Она вздрагивает, коротко охает мне в рот и вжимается всем телом.

— Подожди, — отстранить её от себя чертовски сложно, но сейчас — необходимо. Потому что слишком многое нужно ему сказать. — Подожди, Кэтрин…

— Что такое? — шепчет она, тяжело дыша.

— Нужно поговорить.

Каменеет тут же, всем телом. Делает шаг назад.
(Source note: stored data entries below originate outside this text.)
lemma LK_exponent_le_quadratic:
  fixes J :: "'a::euclidean_space \<Rightarrow> real"
  assumes "linear A" "J \<in> borel_measurable lborel" "\<And>z. 0 \<le> J z"
    and J_int: "integrable lborel (\<lambda>z. min 1 ((norm z)\<^sup>2) * J z)"
  obtains C where "\<And>\<xi>. LK_exponent A J \<xi> \<le> C * max 2 ((norm \<xi>)\<^sup>2)"
proof -
  obtain B where B: "\<And>x. norm (A x) \<le> B * norm x"
    using linear_bounded[OF \<open>linear A\<close>] by blast
  define I where "I = (LINT y|lborel. min 1 ((norm y)\<^sup>2) * J y)"
  have "LK_exponent A J \<xi> \<le> (\<bar>B\<bar> + I) * max 2 ((norm \<xi>)\<^sup>2)" for \<xi>
  proof -
    have "\<xi> \<bullet> A \<xi> \<le> norm \<xi> * (B * norm \<xi>)"
      using norm_cauchy_schwarz[of \<xi> "A \<xi>"] B[of \<xi>] by (meson mult_left_mono norm_ge_zero order_trans)
    also have "\<dots> \<le> \<bar>B\<bar> * max 2 ((norm \<xi>)\<^sup>2)"
      by (simp add: power2_eq_square mult.left_commute)
         (intro order_trans[OF mult_right_mono[OF abs_ge_self] mult_left_mono], auto)
    finally have "\<xi> \<bullet> A \<xi> \<le> \<bar>B\<bar> * max 2 ((norm \<xi>)\<^sup>2)" .
    moreover have "(LINT y|lborel. (1 - cos (\<xi> \<bullet> y)) * J y)
        \<le> (LINT y|lborel. max 2 ((norm \<xi>)\<^sup>2) * (min 1 ((norm y)\<^sup>2) * J y))"
      using one_minus_cos_inner_le[of \<xi>] assms(3)
      by (intro integral_mono LK_integrand_integrable[OF assms(2-4)] integrable_mult_right J_int)
         (auto simp: mult.assoc[symmetric] intro!: mult_right_mono)
    then have "(LINT y|lborel. (1 - cos (\<xi> \<bullet> y)) * J y) \<le> max 2 ((norm \<xi>)\<^sup>2) * I"
      by (simp add: I_def)
    ultimately show ?thesis
      unfolding LK_exponent_def by (simp add: algebra_simps)
  qed
  then show ?thesis using that by blast
qed
theorem theorem3:
  fixes WX WY :: "real^'n^'n"
  assumes "CARD('n) \<ge> 2"
    and "weight_matrix WX" and "weight_matrix WY"
    and "graph_connected WX" and "graph_connected WY"
  shows "gammaF_min (laplacian WX) (laplacian WY)
           \<ge> 1 / lambda_max (pinv (laplacian WX) ** laplacian WY)"
proof -
  obtain p0 q0 :: 'n where "p0 \<noteq> q0"
    using assms(1) card_le_Suc0_iff_eq[of "UNIV :: 'n set"] by fastforce
  obtain \<mu> where eig: "\<mu> \<in> real_eigenvalues (pinv (laplacian WX) ** laplacian WY)"
    and "0 < \<mu>" and ratio: "\<And>p q. eff_res (laplacian WX) p q \<le> \<mu> * eff_res (laplacian WY) p q"
    using eff_res_ratio_eigenvalue[OF \<open>p0 \<noteq> q0\<close> assms(2,4,3,5)] by blast
  have "\<mu> \<le> lambda_max (pinv (laplacian WX) ** laplacian WY)"
    unfolding lambda_max_def using finite_real_eigenvalues eig by (rule Max_ge)
  then have "1 / lambda_max (pinv (laplacian WX) ** laplacian WY) \<le> 1 / \<mu>"
    using \<open>0 < \<mu>\<close> by (simp add: frac_le)
  moreover have "1 / \<mu> \<le> gammaF (laplacian WX) (laplacian WY) p q" if "p \<noteq> q" for p q
    using ratio[of p q] \<open>0 < \<mu>\<close> eff_res_laplacian_pos[OF assms(2,4) that]
    by (simp add: gammaF_def field_simps)
  moreover have "finite {gammaF (laplacian WX) (laplacian WY) p q | p q. p \<noteq> q}"
    by (rule finite_subset[of _ "range (\<lambda>(p, q). gammaF (laplacian WX) (laplacian WY) p q)"]) auto
  moreover have "{gammaF (laplacian WX) (laplacian WY) p q | p q. p \<noteq> q} \<noteq> {}"
    using \<open>p0 \<noteq> q0\<close> by blast
  ultimately show ?thesis
    unfolding gammaF_min_def by (auto intro: order_trans)
qed

end
(* Under the assumptions of the context, with $F$ having finite mean, define $c(G)=\lim_{n\to\infty}\mathbf E\big[\bar c^{(n)}_{i,j,k}\big]$ for distinct vertices $i,j,k$. Then this limit exists and equals $1$ if $\alpha<1$, equals $\mathbf E\big[(1+\beta\gamma W)^{-1}\big]$ (with $W\sim F$) if $\alpha=1$, and equals $0$ if $\alpha>1$.
   Context: Model $G(n,m,F)$: fix constants $\alpha,\beta,\gamma>0$ and a probability distribution $F$ on $(0,\infty)$; if $F$ has finite mean it is assumed to have mean $1$. For a positive integer $n$ let $m=\lfloor\beta n^\alpha\rfloor$, let $\mathcal V=\{1,\dots,n\}$ and $\mathcal A$ a set of $m$ elements ("groups"). Let $W_1,\dots,W_n$ be i.i.d. with distribution $F$ and set $p_i=\gamma W_i n^{-(1+\alpha)/2}\wedge 1$. Conditionally on the weights, form a bipartite graph $B(n,m,F)$ on $\mathcal V\cup\mathcal A$ by including each edge between $i\in\mathcal V$ and $a\in\mathcal A$ independently with probability $p_i$. The graph $G(n,m,F)$ on $\mathcal V$ has an edge between distinct $i,j$ iff some $a\in\mathcal A$ is adjacent to both in $B(n,m,F)$. $\bar{\mathbf P}_n$ is the law of $B(n,m,F)$ conditional on the weights, $E_{ij}$ is the event that $i$ and $j$ share a group, and $\bar c^{(n)}_{i,j,k}=\bar{\mathbf P}_n(E_{ij}\mid E_{ik}\cap E_{jk})$; the expectation $\mathbf E$ is over the weights. *)

theory Defs
  imports "HOL-Probability.Probability"
begin
lemma hop_skeleton_ne: "hop_skeleton h \<noteq> []"
  and hd_hop_skeleton: "fst (hd (hop_skeleton h)) = fst h"
  by (cases h; simp)+

lemma hop_double:
  "K \<le> codeg H w x \<Longrightarrow> K \<le> codeg H w' x \<Longrightarrow> hop H K (w, x, True) w'"
  by (simp add: codeg_def nbhd_def insert_commute)

lemma chained_hop_skeletons:
  assumes "chained (hop H K) T z"
  shows "chained (skeleton_edge H K) (concat (map hop_skeleton T)) z"
  using assms
proof (induction T)
  case (Cons h T)
  obtain w x d where h: "h = (w, x, d)" by (cases h)
  have "next_key (concat (map hop_skeleton T)) z = next_key T z"
    unfolding next_key_def by (cases T) (auto simp: hop_skeleton_ne hd_hop_skeleton)
  moreover have "chained (skeleton_edge H K) (hop_skeleton (w, x, d)) (next_key T z)"
    using Cons.prems unfolding h by (auto simp: next_key_def)
  ultimately show ?case
    using Cons unfolding h by (simp add: chained_append del: hop_skeleton.simps)
qed simp

lemma set_hop_skeletons:
  "set (map fst (concat (map hop_skeleton T))) \<union> set (designated (concat (map hop_skeleton T)))
     = set (map fst T) \<union> set (map (fst \<circ> snd) T)"
proof (induction T)
  case (Cons h T)
  then show ?case by (cases h) (auto simp: designated_append)
qed simp

lemma length_hop_skeletons_designated:
  "length (concat (map hop_skeleton T)) + length (designated (concat (map hop_skeleton T)))
     = 2 * length T"
proof (induction T)
  case (Cons h T)
  then show ?case by (cases h) (auto simp: designated_append)
qed simp

lemma length_hop_skeletons:
  "length (concat (map hop_skeleton T)) = length T + length (filter (snd \<circ> snd) T)"
proof (induction T)
  case (Cons h T)
  then show ?case by (cases h) auto
qed simp

lemma contains_Ck3_if_closed_hops:
  assumes "T \<noteq> []" "3 * (length T + length (filter (snd \<circ> snd) T)) \<le> K"
    and "chained (hop H K) T (fst (hd T))"
    and "distinct (map fst T @ map (fst \<circ> snd) T)"
  shows "contains_Ck3 (length T + length (filter (snd \<circ> snd) T)) H"
proof -
  define S where "S = concat (map hop_skeleton T)"
  have "fst (hd S) = fst (hd T)"
    unfolding S_def using assms(1) by (cases T) (auto simp: hop_skeleton_ne hd_hop_skeleton)
  then have chain: "chained (skeleton_edge H K) S (fst (hd S))"
    using chained_hop_skeletons[OF assms(3)] unfolding S_def by simp
  have "card (set (map fst T @ map (fst \<circ> snd) T)) = 2 * length T"
    using distinct_card[OF assms(4)] by simp
  then have "card (set (map fst S @ designated S)) = length (map fst S @ designated S)"
    using set_hop_skeletons[of T] length_hop_skeletons_designated[of T] unfolding S_def
    by (simp only: set_append length_append length_map)
  then have "distinct (map fst S @ designated S)" by (rule card_distinct)
  moreover have "S \<noteq> []" using assms(1) unfolding S_def by (cases T) (auto simp: hop_skeleton_ne)
  ultimately show ?thesis
    using contains_Ck3_if_closed_skeleton[OF _ _ chain] assms(2) length_hop_skeletons[of T]
    unfolding S_def by simp
qed

section \<open>Cross pairs of a superfull 3-graph\<close>

lemma nbhd_commute: "nbhd H u v = nbhd H v u"
  unfolding nbhd_def by (simp add: insert_commute)

lemma codeg_commute: "codeg H u v = codeg H v u"
  unfolding codeg_def by (simp add: nbhd_commute)

lemma superfull_codeg_ge_if_low_pair:
  assumes "is_3graph H" "superfull d K H" "{a, b, x} \<in> H" "codeg H a b < K"
  shows "K \<le> codeg H a x"
proof (rule ccontr)
  assume "\<not> K \<le> codeg H a x"
  define e where "e = {a, b, x}"
  define P where "P = {p. p \<subseteq> e \<and> card p = 2 \<and> (\<exists>u v. p = {u, v} \<and> codeg H u v < K)}"
  have "card e = 3" using assms(1,3) unfolding is_3graph_def e_def by auto
  then have "a \<noteq> b" "a \<noteq> x" "b \<noteq> x"
    unfolding e_def by (auto simp: card_insert_if split: if_splits)
  then have "{a, b} \<in> P" "{a, x} \<in> P" "{a, b} \<noteq> {a, x}"
    using assms(4) \<open>\<not> K \<le> codeg H a x\<close> unfolding P_def e_def
    by (fastforce simp: doubleton_eq_iff)+
  moreover have "finite P" unfolding P_def e_def by (rule finite_subset[of _ "Pow {a, b, x}"]) auto
  moreover have "card P \<le> 1" using assms(2,3) unfolding superfull_def P_def e_def by blast
  ultimately show False by (auto simp: card_le_Suc0_iff_eq)
qed

lemma exists_not_in_if_card_less: "finite B \<Longrightarrow> card B < card A \<Longrightarrow> \<exists>x\<in>A. x \<notin> B"
  by (metis card_mono not_le subsetI)

lemma exists_not_in_if_card_eq:
  "finite A \<Longrightarrow> finite B \<Longrightarrow> card A = card B \<Longrightarrow> A \<noteq> B \<Longrightarrow> \<exists>y\<in>B. y \<notin> A"
  by (metis card_subset_eq subsetI)

lemma exists_not_in_avoiding_two:
  assumes "finite X" "card X + 1 < card B" "x \<notin> B \<or> r \<notin> B"
  shows "\<exists>z\<in>B. z \<notin> X \<and> z \<noteq> x \<and> z \<noteq> r"
proof -
  have "card ({x, r} \<inter> B) \<le> 1" using assms(3) by (auto simp: card_insert_if Int_insert_left)
  then have "card (X \<union> ({x, r} \<inter> B)) < card B"
    using assms(2) card_Un_le[of X "{x, r} \<inter> B"] by linarith
  then show ?thesis using exists_not_in_if_card_less[of "X \<union> ({x, r} \<inter> B)" B] assms(1) by auto
qed

locale cross_pairs =
  fixes H :: "'a set set" and k t :: nat and W1 W2 :: "'a set"
  assumes is_3graph: "is_3graph H" and k_ge_4: "4 \<le> k" and t_def: "t = (k - 1) div 2"
    and superfull: "superfull t (3 * k) H" and disjoint: "W1 \<inter> W2 = {}"
    and card_W1: "3 * k \<le> card W1" and card_W2: "3 * k \<le> card W2"
    and codeg_cross: "\<forall>w1\<in>W1. \<forall>w2\<in>W2. codeg H w1 w2 = t"
begin

lemma swapped: "cross_pairs H k t W2 W1"
proof
  show "\<forall>w1\<in>W2. \<forall>w2\<in>W1. codeg H w1 w2 = t"
    using codeg_cross codeg_commute by metis
qed (use is_3graph k_ge_4 t_def superfull disjoint card_W1 card_W2 in auto)

lemma t_ge_1: "1 \<le> t" using k_ge_4 t_def by simp

lemma t_less_k: "t < k" using k_ge_4 t_def by simp

text \<open>The flag \<open>k = 2 * t + 2\<close> on one hop of a closing tour absorbs the parity of \<open>k\<close>.\<close>
lemma k_eq: "k = 2 * t + 1 \<or> k = 2 * t + 2" using k_ge_4 t_def by presburger

definition cross :: "'a \<Rightarrow> 'a \<Rightarrow> bool" where
  "cross p q \<longleftrightarrow> p \<in> W1 \<and> q \<in> W2 \<or> p \<in> W2 \<and> q \<in> W1"

lemma codeg_cross_pair: "cross p q \<Longrightarrow> codeg H p q = t"
  using codeg_cross codeg_commute unfolding cross_def by metis

lemma card_nbhd_cross: "cross p q \<Longrightarrow> card (nbhd H p q) = t"
  using codeg_cross_pair unfolding codeg_def by blast

lemma finite_nbhd_cross: "cross p q \<Longrightarrow> finite (nbhd H p q)"
  using card_nbhd_cross t_ge_1 by (metis card.infinite not_one_le_zero)

lemma nbhd_cross_high:
  assumes "cross p q" "x \<in> nbhd H p q"
  shows "3 * k \<le> codeg H p x" "3 * k \<le> codeg H q x" "x \<notin> W1" "x \<notin> W2"
proof -
  have low: "codeg H p q < 3 * k" "codeg H q p < 3 * k"
    using codeg_cross_pair[OF assms(1)] codeg_commute[of H p q] t_less_k by simp_all
  have "{p, q, x} \<in> H" "{q, p, x} \<in> H"
    using assms(2) unfolding nbhd_def by (auto simp: insert_commute)
  then show p: "3 * k \<le> codeg H p x" and q: "3 * k \<le> codeg H q x"
    using superfull_codeg_ge_if_low_pair[OF is_3graph superfull] low by blast+
  have "\<not> cross p x" "\<not> cross q x"
    using p q codeg_cross_pair t_less_k by fastforce+
  then show "x \<notin> W1" "x \<notin> W2" using assms(1) unfolding cross_def by auto
qed

lemma hop_cross: "cross p q \<Longrightarrow> x \<in> nbhd H p q \<Longrightarrow> hop H (3 * k) (p, x, d) q"
  using nbhd_cross_high[of p q x] by (auto simp: nbhd_def codeg_commute[of H x q])

lemma exists_fresh_W1: "length xs < 3 * k \<Longrightarrow> \<exists>w\<in>W1. w \<notin> set xs"
  using exists_not_in_if_card_less[of "set xs" W1] card_length[of xs] card_W1 by simp

lemma exists_fresh_W2: "length xs < 3 * k \<Longrightarrow> \<exists>w\<in>W2. w \<notin> set xs"
  using exists_not_in_if_card_less[of "set xs" W2] card_length[of xs] card_W2 by simp

lemma hop_cross_back: "cross p q \<Longrightarrow> x \<in> nbhd H p q \<Longrightarrow> hop H (3 * k) (q, x, d) p"
  using hop_cross[of q p x d] nbhd_commute[of H p q] unfolding cross_def by auto

text \<open>At most one of \<open>x\<close> and \<open>r\<close> is a label of \<open>p'q'\<close>, so a label of \<open>p'q'\<close> avoiding
  both costs only one label.\<close>
lemma label_avoiding:
  assumes "2 \<le> t" "cross p q" "cross p' q'" "nbhd H p q \<noteq> nbhd H p' q'"
  obtains r where "r \<in> nbhd H p q" "r \<noteq> x" "x \<notin> nbhd H p' q' \<or> r \<notin> nbhd H p' q'"
proof -
  obtain y where y: "y \<in> nbhd H p q" "y \<notin> nbhd H p' q'"
    using exists_not_in_if_card_eq[of "nbhd H p' q'" "nbhd H p q"] assms(2-4)
      card_nbhd_cross finite_nbhd_cross by metis
  show ?thesis
  proof (cases "x = y")
    case True
    have "card {x} < card (nbhd H p q)" using card_nbhd_cross[OF assms(2)] assms(1) by simp
    then show ?thesis using that True y exists_not_in_if_card_less[of "{x}"] by blast
  qed (use that y in auto)
qed

lemma contains_Ck3_if_closed_tour:
  assumes "T \<noteq> []" "length T + length (filter (snd \<circ> snd) T) = k"
    and "chained (hop H (3 * k)) T (fst (hd T))"
    and "distinct (map fst T)" "distinct (map (fst \<circ> snd) T)"
    and "set (map fst T) \<subseteq> W1 \<union> W2" "set (map (fst \<circ> snd) T) \<inter> (W1 \<union> W2) = {}"
  shows "contains_Ck3 k H"
  using contains_Ck3_if_closed_hops[OF assms(1) _ assms(3)] assms(2,4-7) by fastforce
lemma normalized_eigenfunction_exists:
  assumes "eigenvalue V E"
  obtains e where "is_eigenfunction V E e" "l2_inner e e = 1"
proof -
  obtain f where f: "is_eigenfunction V E f" using assms by (auto simp: eigenvalue_def)
  define N where "N = infsum (\<lambda>z. (cmod (f z))\<^sup>2) UNIV"
  have "N > 0"
  proof -
    obtain y where "f y \<noteq> 0" using f by (auto simp: is_eigenfunction_def)
    moreover have "(cmod (f y))\<^sup>2 \<le> N"
      using f finite_sum_le_infsum[of "\<lambda>z. (cmod (f z))\<^sup>2" UNIV "{y}"]
      by (simp add: N_def is_eigenfunction_def in_l2_def)
    ultimately show ?thesis
      by (meson less_le_trans zero_less_norm_iff zero_less_power)
  qed
  define c where "c = complex_of_real (1 / sqrt N)"
  have "l2_inner (\<lambda>z. c * f z) (\<lambda>z. c * f z) = (cnj c * c) * l2_inner f f"
    unfolding l2_inner_def by (simp add: algebra_simps infsum_cmult_right')
  also have "cnj c * c = complex_of_real (1 / N)"
    using \<open>N > 0\<close> by (simp add: c_def flip: of_real_mult)
  also have "l2_inner f f = complex_of_real N"
    using f by (simp add: l2_inner_self is_eigenfunction_def N_def)
  also have "complex_of_real (1 / N) * complex_of_real N = 1"
    using \<open>N > 0\<close> by (simp flip: of_real_mult)
  finally have "l2_inner (\<lambda>z. c * f z) (\<lambda>z. c * f z) = 1" .
  moreover have "is_eigenfunction V E (\<lambda>z. c * f z)"
    using \<open>N > 0\<close> by (intro is_eigenfunction_cmult[OF f]) (simp add: c_def)
  ultimately show ?thesis using that by blast
qed

section \<open>Countably many eigenvalues\<close>

lemma has_sum_norm_sq_orthonormal_combination:
  assumes fin: "finite F" and l2: "\<And>E. E \<in> F \<Longrightarrow> in_l2 (e E)"
    and orth: "\<And>E E'. E \<in> F \<Longrightarrow> E' \<in> F \<Longrightarrow> l2_inner (e E) (e E') = (if E = E' then 1 else 0)"
  shows "((\<lambda>z. (cmod (\<Sum>E\<in>F. c E * e E z))\<^sup>2) has_sum (\<Sum>E\<in>F. (cmod (c E))\<^sup>2)) UNIV"
proof -
  let ?g = "\<lambda>z. \<Sum>E\<in>F. c E * e E z"
  have expand: "cnj (?g z) * ?g z =
      (\<Sum>E\<in>F. \<Sum>E'\<in>F. (cnj (c E) * c E') * (cnj (e E z) * e E' z))" for z
    unfolding cnj_sum sum_product by (intro sum.cong refl) (simp add: mult_ac)
  have "((\<lambda>z. cnj (?g z) * ?g z) has_sum
      (\<Sum>E\<in>F. \<Sum>E'\<in>F. (cnj (c E) * c E') * l2_inner (e E) (e E'))) UNIV"
    unfolding expand l2_inner_def
    by (intro has_sum_sum fin has_sum_cmult_right has_sum_infsum summable_on_cnj_mult l2)
  also have "(\<Sum>E\<in>F. \<Sum>E'\<in>F. (cnj (c E) * c E') * l2_inner (e E) (e E')) =
      (\<Sum>E\<in>F. cnj (c E) * c E)"
    using fin by (intro sum.cong refl) (simp add: orth if_distrib cong: if_cong)
  finally have "((\<lambda>z. Re (cnj (?g z) * ?g z)) has_sum Re (\<Sum>E\<in>F. cnj (c E) * c E)) UNIV"
    by (rule has_sum_Re)
  then show ?thesis by (simp only: cnj_mult_self Re_complex_of_real flip: of_real_sum)
qed
lemma eventually_quotient_by_power_in_reciprocal_complement:
  fixes f g z :: "'k :: field poly poly" and \<psi> :: "'k poly poly \<Rightarrow> 'k poly"
  assumes "coprime f g" and "const_term f = 0" and "const_term g = 0"
    and \<psi>_add: "\<And>a b. \<psi> (a + b) = \<psi> a + \<psi> b"
    and \<psi>_mult: "\<And>a b. \<psi> (a * b) = \<psi> a * \<psi> b"
    and \<psi>_const: "\<And>c. \<psi> [:[:c:]:] = [:c:]"
    and kernel: "\<And>h. \<psi> h = 0 \<Longrightarrow> z dvd h"
  shows "eventually (\<lambda>N. to_fract z / to_fract ((f * g) ^ N) \<in> reciprocal_complement) sequentially"
proof -
  have \<psi>_0: "\<psi> 0 = 0" and \<psi>_1: "\<psi> 1 = 1"
    using \<psi>_const[of 0] \<psi>_const[of 1] by (simp_all add: one_pCons)
  have \<psi>_power: "\<psi> (a ^ n) = \<psi> a ^ n" for a n
    by (induction n) (simp_all add: \<psi>_1 \<psi>_mult)
  have \<psi>_sum: "\<psi> (sum h A) = (\<Sum>x\<in>A. \<psi> (h x))" for h and A :: "'b set"
    using sum_comp_morphism[of \<psi> h A, OF \<psi>_0 \<psi>_add] by (simp add: o_def)
  obtain m c where nontrivial: "\<exists>i<m. \<exists>j<m. c i j \<noteq> 0"
    and relation: "(\<Sum>i<m. \<Sum>j<m. smult (c i j) (\<psi> f ^ i * \<psi> g ^ j)) = 0"
    by (rule poly_powers_dependent)
  define H where "H = (\<Sum>i<m. \<Sum>j<m. [:[:c i j:]:] * f ^ i * g ^ j)"
  have "\<psi> H = (\<Sum>i<m. \<Sum>j<m. smult (c i j) (\<psi> f ^ i * \<psi> g ^ j))"
    unfolding H_def \<psi>_sum \<psi>_mult \<psi>_power \<psi>_const by (simp add: mult.assoc)
  then obtain q where "z * q = H"
    using relation kernel by (metis dvdE)
  moreover have "H \<noteq> 0"
    using coprime_algebraically_independent[OF assms(1-3)] nontrivial unfolding H_def by blast
  ultimately have "q \<noteq> 0"
    by auto
  have "f \<noteq> 0" and "g \<noteq> 0"
    using assms(1-3) coprime_const_term_zero_imp_nonzero coprime_commute by blast+
  show ?thesis
  proof (rule eventually_sequentiallyI)
    fix N assume "m \<le> N"
    with \<open>z * q = H\<close> \<open>q \<noteq> 0\<close> \<open>f \<noteq> 0\<close> \<open>g \<noteq> 0\<close> show "to_fract z / to_fract ((f * g) ^ N) \<in> reciprocal_complement"
      unfolding H_def
      by (intro quotient_by_power_in_reciprocal_complement[where a = "\<lambda>i j. [:[:c i j:]:]"]
          const_poly_poly_in_reciprocal_complement)
  qed
qed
Обхватывает себя руками и распахивает огромные глазки.

— Все, да? — не своим голосом спрашивает она. — Я тебе больше не нужна?

Я настолько ошарашен, что в первый момент замираю с открытым ртом, но уже в следующий прихожу в себя и ору:

— Совсем рехнулась?!

По глазам вижу, что черти пляшут, шутит твою мать и, не в силах больше выносить подобной дурости, снова дергаю её к себе.

— Ты ребёнок, Фостер.

Обнимаю, глажу по голове, нахожу губами ухо и сообщаю, какая же она растерявшая последние мозги девочка. И вот теперь она расслабляется, обхватывает руками за шею и едва слышно говорит.

— Ну вообще, было бы логично.

— Что за дурь у тебя в голове?

Молчит, сопит в шею, и только тут до меня доходит. Отстраняюсь и смотрю ей в лицо.

— Что Монтгомери вчера тебе наговорил?

— Ничего, к чему не стоило бы прислушаться, — хмыкает. Ругаюсь сквозь зубы. Стоило догадаться.

— Выбрасывай из головы. Немедленно.

— Но…

— Выбрасывай, я сказал.

Неуверенно кивает, но выдыхает облегченно, стягивает верхнюю одежду, плюхается на диван и выжидательно смотрит:

— Тогда — о чем?

Устраиваюсь рядом и пытаюсь понять, с чего начать разговор. И пальцы, неуверенно взявшие мою ладонь, мыслительной деятельности отнюдь не способствуют. Если я сейчас это произнесу — пути назад не будет. Уже нет. Впрочем его не было уже тогда, когда из-за меня девушка кричала от боли этом самом диване. Открываю рот и произношу:

— Все же придется поехать на конференцию, — Рука под моими пальцами замирает.

— В Лондон?

—Да.

— Надолго? — вздыхает она. И закусывает губу.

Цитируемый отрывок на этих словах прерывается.